Philip Kerr

b. 1956 – d. 2018

Philip Kerr was elected as a Fellow of the Royal Society of Literature in 2018.

Philip Kerr was an advertising copywriter before becoming a full-time writer in 1989. He wrote over 30 books, and is known for the Bernie Gunther series of historical thrillers set in Germany and elsewhere during the 1930s, the Second World War and the Cold War.

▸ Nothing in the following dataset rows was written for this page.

(* Let $\pi\in\mathcal P(\mathbb R^d)$ and let $\mathsf P$ be a Markov kernel on $\mathbb R^d$ that is reversible with respect to $\pi$. Suppose that there exist increasing functions $F:(0,\tfrac12]\to\mathbb R_+$ and $\Upsilon:\mathbb R_+\to\mathbb R_+$ such that for every measurable partition $\mathbb R^d=S_1\sqcup S_2\sqcup S_3$, $$\pi(S_3)\ \ge\ \Upsilon\big(d(S_1,S_2)\big)\,F\big(\min\{\pi(S_1),\pi(S_2)\}\big),$$ where $d(S_1,S_2)=\inf_{x\in S_1,y\in S_2}\|x-y\|$. Suppose moreover that there exist $\epsilon,\delta>0$ such that for all $x,y\in\mathbb R^d$, $\|x-y\|<\delta$ implies $\mathrm{TV}(\delta_x\mathsf P,\delta_y\mathsf P)<1-\epsilon$. Then $$\mathrm{Gap}(\mathsf P)\ \ge\ \frac{\epsilon^2}{8}\left[\sup_{\theta\in[0,1]}\min\Big\{1-\theta,\ \Upsilon(\delta)\inf_{t\in(0,\frac12]}\frac{F(\theta t)}{2t}\Big\}\right]^2 .$$ If in addition $F$ is concave on $(0,\tfrac12]$, then $$\mathrm{Gap}(\mathsf P)\ \ge\ \frac{\epsilon^2}{8}\left[\min\Big\{\frac12,\ \Upsilon(\delta)\,F(\tfrac14)\Big\}\right]^2 .$$
   Context: $\mathcal P(\mathbb R^d)$ denotes the probability distributions on $\mathbb R^d$ (with densities, denoted by the same letter). For a Markov kernel $\mathsf P$, $\delta_x\mathsf P$ is the distribution $\mathsf P(x,\cdot)$, and $\mathsf Pu(x)=\int \mathsf P(x,y)u(y)\,dy$. $\mathsf P$ is reversible w.r.t. $\pi$ if $\pi(x)\mathsf P(x,y)=\pi(y)\mathsf P(y,x)$. Total variation: $\mathrm{TV}(\mu,\nu)=\sup_A|\mu(A)-\nu(A)|$. The spectral gap is $$\mathrm{Gap}(\mathsf P)=\inf\Big\{1-\frac{\mathbb E_\pi[u\cdot \mathsf Pu]}{\mathbb E_\pi[u^2]}:\ 0\ne u\in L^2(\pi),\ \mathbb E_\pi[u]=0\Big\}.$$ *)

theory Defs
  imports "HOL-Analysis.Analysis"
begin

type_synonym 'n pt = "real ^ 'n"

definition prob_density :: "('n::finite pt \<Rightarrow> real) \<Rightarrow> bool" where
  "prob_density p \<longleftrightarrow> p \<in> borel_measurable lborel \<and> (\<forall>x. 0 \<le> p x)
      \<and> (\<integral>\<^sup>+ x. ennreal (p x) \<partial>lborel) = 1"

text \<open>A Markov kernel given by transition densities: P x is the density of delta_x P.\<close>
definition markov_kernel_density :: "('n::finite pt \<Rightarrow> 'n pt \<Rightarrow> real) \<Rightarrow> bool" where
  "markov_kernel_density P \<longleftrightarrow>
      (\<lambda>(x, y). P x y) \<in> borel_measurable (lborel \<Otimes>\<^sub>M lborel)
      \<and> (\<forall>x y. 0 \<le> P x y)
      \<and> (\<forall>x. (\<integral>\<^sup>+ y. ennreal (P x y) \<partial>lborel) = 1)"
theorem mainTheorem10:
  fixes n :: nat
  assumes "n \<ge> 3"
  shows "matching_number n = n + n div 3"
  unfolding matching_number_def
proof (rule Max_eqI)
  have "{F. is_matching n F} \<subseteq> Pow (assoc_hyperedges n)"
    by (auto simp: is_matching_iff)
  then show "finite (card ` {F. is_matching n F})"
    using finite_assoc_hyperedges by (simp add: finite_subset)
  show "n + n div 3 \<in> card ` {F. is_matching n F}"
    using exists_matching_card by (metis (mono_tags) image_eqI mem_Collect_eq)
  fix k assume "k \<in> card ` {F. is_matching n F}"
  then have "3 * k \<le> 4 * n"
    using matching_card_le by auto
  moreover have "n = 3 * (n div 3) + n mod 3" "n mod 3 < 3"
    by simp_all
  ultimately show "k \<le> n + n div 3"
    by linarith
qed

end
(* Let $n,\nu\in\mathbb{N}$ with $1\le\nu\le n$, and let $0=n_0<n_1<\cdots<n_\nu=n$ be integers. Let $m\ge 1$ and, for each $i\in\{1,\dots,m\}$, let $(r_i,a_i,d_i)$ be integers with $0\le a_i<d_i\le\nu$ and $0<r_i\le n_{d_i}-n_{a_i}$. Let $\bm h=(h_1,\dots,h_n)\in\mathbb{N}^n$ satisfy the block monotonicity condition: for every $\kappa\in\{1,\dots,\nu\}$, $h_i\ge h_j$ whenever $n_{\kappa-1}+1\le i<j\le n_\kappa$. Then $\bm h$ is adequate for the demand $(\bm r,\bm a,\bm d)$ if and only if $W_{k_1k_2\cdots k_\nu}(\bm h,\bm r,\bm a,\bm d)\ge 0$ for every integer tuple $(k_1,\dots,k_\nu)$ with $0\le k_\kappa\le n_\kappa-n_{\kappa-1}$ for all $\kappa$.
   Context: The time horizon consists of $n$ slots; the integers $0=n_0<n_1<\dots<n_\nu=n$ are the admissible arrival times/deadlines. A load with service $(r,a,d)$ requires one unit of power in exactly $r$ of the slots $n_a+1,\dots,n_d$. The supply $\bm h$ is called adequate for the demand $(\bm r,\bm a,\bm d)=((r_i,a_i,d_i))_{i=1}^m$ if there exists an $m\times n$ matrix $A$ with entries in $\{0,1\}$ such that for all $i$: $\sum_{j=1}^n A(i,j)=r_i$ and $A(i,j)=0$ whenever $j\notin\{n_{a_i}+1,\dots,n_{d_i}\}$; and for all $j$: $\sum_{i=1}^m A(i,j)\le h_j$. For $[t]^+=\max\{t,0\}$, the structure tensor is defined, for integers $0\le k_\kappa\le n_\kappa-n_{\kappa-1}$ ($\kappa=1,\dots,\nu$), by $$W_{k_1\cdots k_\nu}(\bm h,\bm r,\bm a,\bm d)=\sum_{\kappa=1}^{\nu}\sum_{j=n_{\kappa-1}+k_\kappa+1}^{n_\kappa}h_j-\sum_{i=1}^m\Big[r_i-\sum_{\kappa=a_i+1}^{d_i}k_\kappa\Big]^+.$$ *)

theory Defs
  imports Main
begin

text \<open>Conventions: breakpoints nb 0, ..., nb nu (nb 0 = 0, nb nu = n);
  supply h j for slots j = 1..n; loads i = 1..m with service (r i, a i, d i).\<close>

definition adequate ::
  "nat \<Rightarrow> nat \<Rightarrow> (nat \<Rightarrow> nat) \<Rightarrow> (nat \<Rightarrow> nat) \<Rightarrow> (nat \<Rightarrow> nat) \<Rightarrow> (nat \<Rightarrow> nat) \<Rightarrow> (nat \<Rightarrow> nat) \<Rightarrow> bool"
  where "adequate n m nb h r a d \<longleftrightarrow>
    (\<exists>A :: nat \<Rightarrow> nat \<Rightarrow> nat.
       (\<forall>i\<in>{1..m}. \<forall>j\<in>{1..n}. A i j \<in> {0, 1}) \<and>
       (\<forall>i\<in>{1..m}. (\<Sum>j=1..n. A i j) = r i) \<and>
       (\<forall>i\<in>{1..m}. \<forall>j\<in>{1..n}. j \<notin> {nb (a i) + 1 .. nb (d i)} \<longrightarrow> A i j = 0) \<and>
       (\<forall>j\<in>{1..n}. (\<Sum>i=1..m. A i j) \<le> h j))"

definition structure_tensor ::
  "nat \<Rightarrow> nat \<Rightarrow> (nat \<Rightarrow> nat) \<Rightarrow> (nat \<Rightarrow> nat) \<Rightarrow> (nat \<Rightarrow> nat) \<Rightarrow> (nat \<Rightarrow> nat) \<Rightarrow> (nat \<Rightarrow> nat) \<Rightarrow> (nat \<Rightarrow> nat) \<Rightarrow> int"
  where "structure_tensor nu m nb k h r a d =
    (\<Sum>\<kappa>=1..nu. \<Sum>j=nb (\<kappa> - 1) + k \<kappa> + 1 .. nb \<kappa>. int (h j))
    - (\<Sum>i=1..m. max 0 (int (r i) - (\<Sum>\<kappa>=a i + 1 .. d i. int (k \<kappa>))))"

end

theory Submission
  imports Defs
begin

text \<open>Adequacy asks for a subgraph of the bipartite graph that joins each load to the slots
  of its service window, in which load \<open>i\<close> has degree \<open>r\<^sub>i\<close> and slot \<open>j\<close> degree at most
  \<open>h\<^sub>j\<close>. By the augmenting-path argument behind Hall's theorem such a subgraph exists iff
  every set \<open>T\<close> of slots satisfies \<open>\<Sum>\<^sub>i [r\<^sub>i - |window\<^sub>i - T|]\<^sup>+ \<le> h(T)\<close>: when a load
  cannot be given one more unit, the loads reachable from it by alternating paths, together
  with their unused slots, violate this inequality. The windows are unions of blocks, so the
  left-hand side depends on \<open>T\<close> only through the numbers \<open>k\<^sub>\<kappa>\<close> of slots of block \<open>\<kappa>\<close> missing
  from \<open>T\<close>; for given \<open>k\<^sub>\<kappa>\<close>, block monotonicity makes \<open>h(T)\<close> smallest when \<open>T\<close> consists of
  the last slots of each block, and for that \<open>T\<close> the inequality reads \<open>W\<^sub>k\<^sub>1\<^sub>\<dots>\<^sub>k\<^sub>\<nu> \<ge> 0\<close>.\<close>

section \<open>Degree-constrained subgraphs of a bipartite graph\<close>

definition out_degree :: "('a \<times> 'b) set \<Rightarrow> 'a \<Rightarrow> nat" where
  "out_degree M x = card (M `` {x})"

lemma out_degree_insert:
  assumes "finite M" and "(x, y) \<notin> M"
  shows "out_degree (insert (x, y) M) z = (if z = x then Suc (out_degree M z) else out_degree M z)"
proof -
  have "insert (x, y) M `` {z} = (if z = x then insert y (M `` {z}) else M `` {z})" by auto
  then show ?thesis using assms finite_Image[OF assms(1)] by (simp add: out_degree_def)
qed

lemma out_degree_remove:
  assumes "finite M" and "(x, y) \<in> M"
  shows "out_degree (M - {(x, y)}) z = (if z = x then out_degree M z - 1 else out_degree M z)"
proof -
  have "(M - {(x, y)}) `` {z} = (if z = x then M `` {z} - {y} else M `` {z})" by auto
  then show ?thesis using assms finite_Image[OF assms(1)] by (simp add: out_degree_def)
qed

lemma out_degree_pos: "finite M \<Longrightarrow> (x, y) \<in> M \<Longrightarrow> 0 < out_degree M x"
  unfolding out_degree_def by (metis Image_singleton_iff card_gt_0_iff empty_iff finite_Image)

lemma sum_card_Image_Int_swap:
  assumes "finite A" and "finite B"
  shows "(\<Sum>a\<in>A. card (M `` {a} \<inter> B)) = (\<Sum>b\<in>B. card (M\<inverse> `` {b} \<inter> A))"
proof -
  have "card (M `` {a} \<inter> B) = (\<Sum>b\<in>B. if (a, b) \<in> M then 1 else 0)" for a
    using assms(2) by (simp add: sum.If_cases Int_def conj_commute)
  moreover have "card (M\<inverse> `` {b} \<inter> A) = (\<Sum>a\<in>A. if (a, b) \<in> M then 1 else 0)" for b
    using assms(1) by (simp add: sum.If_cases Int_def conj_commute)
  ultimately show ?thesis by (simp add: sum.swap[of _ A B])
qed

lemma sum_update_Suc:
  fixes f :: "'a \<Rightarrow> nat"
  assumes "finite A" and "x \<in> A"
  shows "sum (f(x := Suc (f x))) A = Suc (sum f A)"
proof -
  have "sum (f(x := Suc (f x))) (A - {x}) = sum f (A - {x})" by (rule sum.cong) auto
  then show ?thesis using assms by (simp add: sum.remove)
qed

locale bipartite_capacities =
  fixes I :: "'a set" and J :: "'b set" and E :: "('a \<times> 'b) set" and h :: "'b \<Rightarrow> nat"
  assumes finite_I: "finite I" and finite_J: "finite J" and edges_subset: "E \<subseteq> I \<times> J"
begin

definition feasible :: "('a \<Rightarrow> nat) \<Rightarrow> ('a \<times> 'b) set \<Rightarrow> bool" where
  "feasible r M \<longleftrightarrow>
     M \<subseteq> E \<and> (\<forall>i\<in>I. out_degree M i = r i) \<and> (\<forall>j\<in>J. out_degree (M\<inverse>) j \<le> h j)"

text \<open>Truncated subtraction on \<open>nat\<close> is the positive part \<open>[\<cdot>]\<^sup>+\<close>.\<close>

definition deficiency :: "('a \<Rightarrow> nat) \<Rightarrow> 'b set \<Rightarrow> nat" where
  "deficiency r T = (\<Sum>i\<in>I. r i - card (E `` {i} - T))"

definition deficiency_condition :: "('a \<Rightarrow> nat) \<Rightarrow> bool" where
  "deficiency_condition r \<longleftrightarrow> (\<forall>T\<subseteq>J. deficiency r T \<le> sum h T)"

lemma finite_edges: "finite E"
  using finite_subset[OF edges_subset] finite_I finite_J by blast

lemma feasible_finite: "feasible r M \<Longrightarrow> finite M"
  unfolding feasible_def using finite_edges finite_subset by blast

lemma deficiency_le_supply:
  assumes M: "feasible r M" and T: "T \<subseteq> J"
  shows "deficiency r T \<le> sum h T"
proof -
  have fin_M: "finite M" using feasible_finite[OF M] .
  have fin_T: "finite T" using finite_subset[OF T finite_J] .
  have "r i - card (E `` {i} - T) \<le> card (M `` {i} \<inter> T)" if "i \<in> I" for i
  proof -
    have "r i = card (M `` {i} \<inter> T) + card (M `` {i} - T)"
      using M that card_Int_Diff[OF finite_Image[OF fin_M]]
      by (simp add: feasible_def out_degree_def)
    moreover have "card (M `` {i} - T) \<le> card (E `` {i} - T)"
      using M by (intro card_mono) (auto simp: feasible_def intro: finite_Image finite_edges)
    ultimately show ?thesis by linarith
  qed
  then have "deficiency r T \<le> (\<Sum>i\<in>I. card (M `` {i} \<inter> T))"
    unfolding deficiency_def by (rule sum_mono)
  also have "\<dots> = (\<Sum>j\<in>T. card (M\<inverse> `` {j} \<inter> I))"
    by (rule sum_card_Image_Int_swap[OF finite_I fin_T])
  also have "\<dots> \<le> (\<Sum>j\<in>T. out_degree (M\<inverse>) j)"
    using fin_M by (intro sum_mono) (simp add: out_degree_def card_mono finite_Image)
  also have "\<dots> \<le> sum h T"
    using M T by (intro sum_mono) (auto simp: feasible_def)
  finally show ?thesis .
qed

Philip Kerr remembered – by Lisa Appignanesi

Fine writer and exceptional supporter of literature

Philip was elected a Fellow of the RSL late last year, and accepted before he sadly died in March. He was a fine writer, hailed even more in the us than here, and an extraordinary supporter of literature – the RSL owes him a great debt for his work and his generosity. I knew him a little, and was very fond of his sometimes acerbic wit, so very present in Bernie Gunther, the hero of his historical thrillers set in Germany and elsewhere during the 1930s, the Second World War and the Cold War, starting with the Berlin Noir trilogy. In 1993, Kerr was named one of Granta’s Best of Young British Novelists. Philip’s love of literature started early – at twelve he stole the key to a cupboard in which Lady Chatterley’s Lover was hidden – and he also wrote children’s books, under the name P.B. Kerr, including the Children of the Lamp series. Philip’s final book, the fourteenth Bernie Gunther novel, Metropolis, will be published in 2019.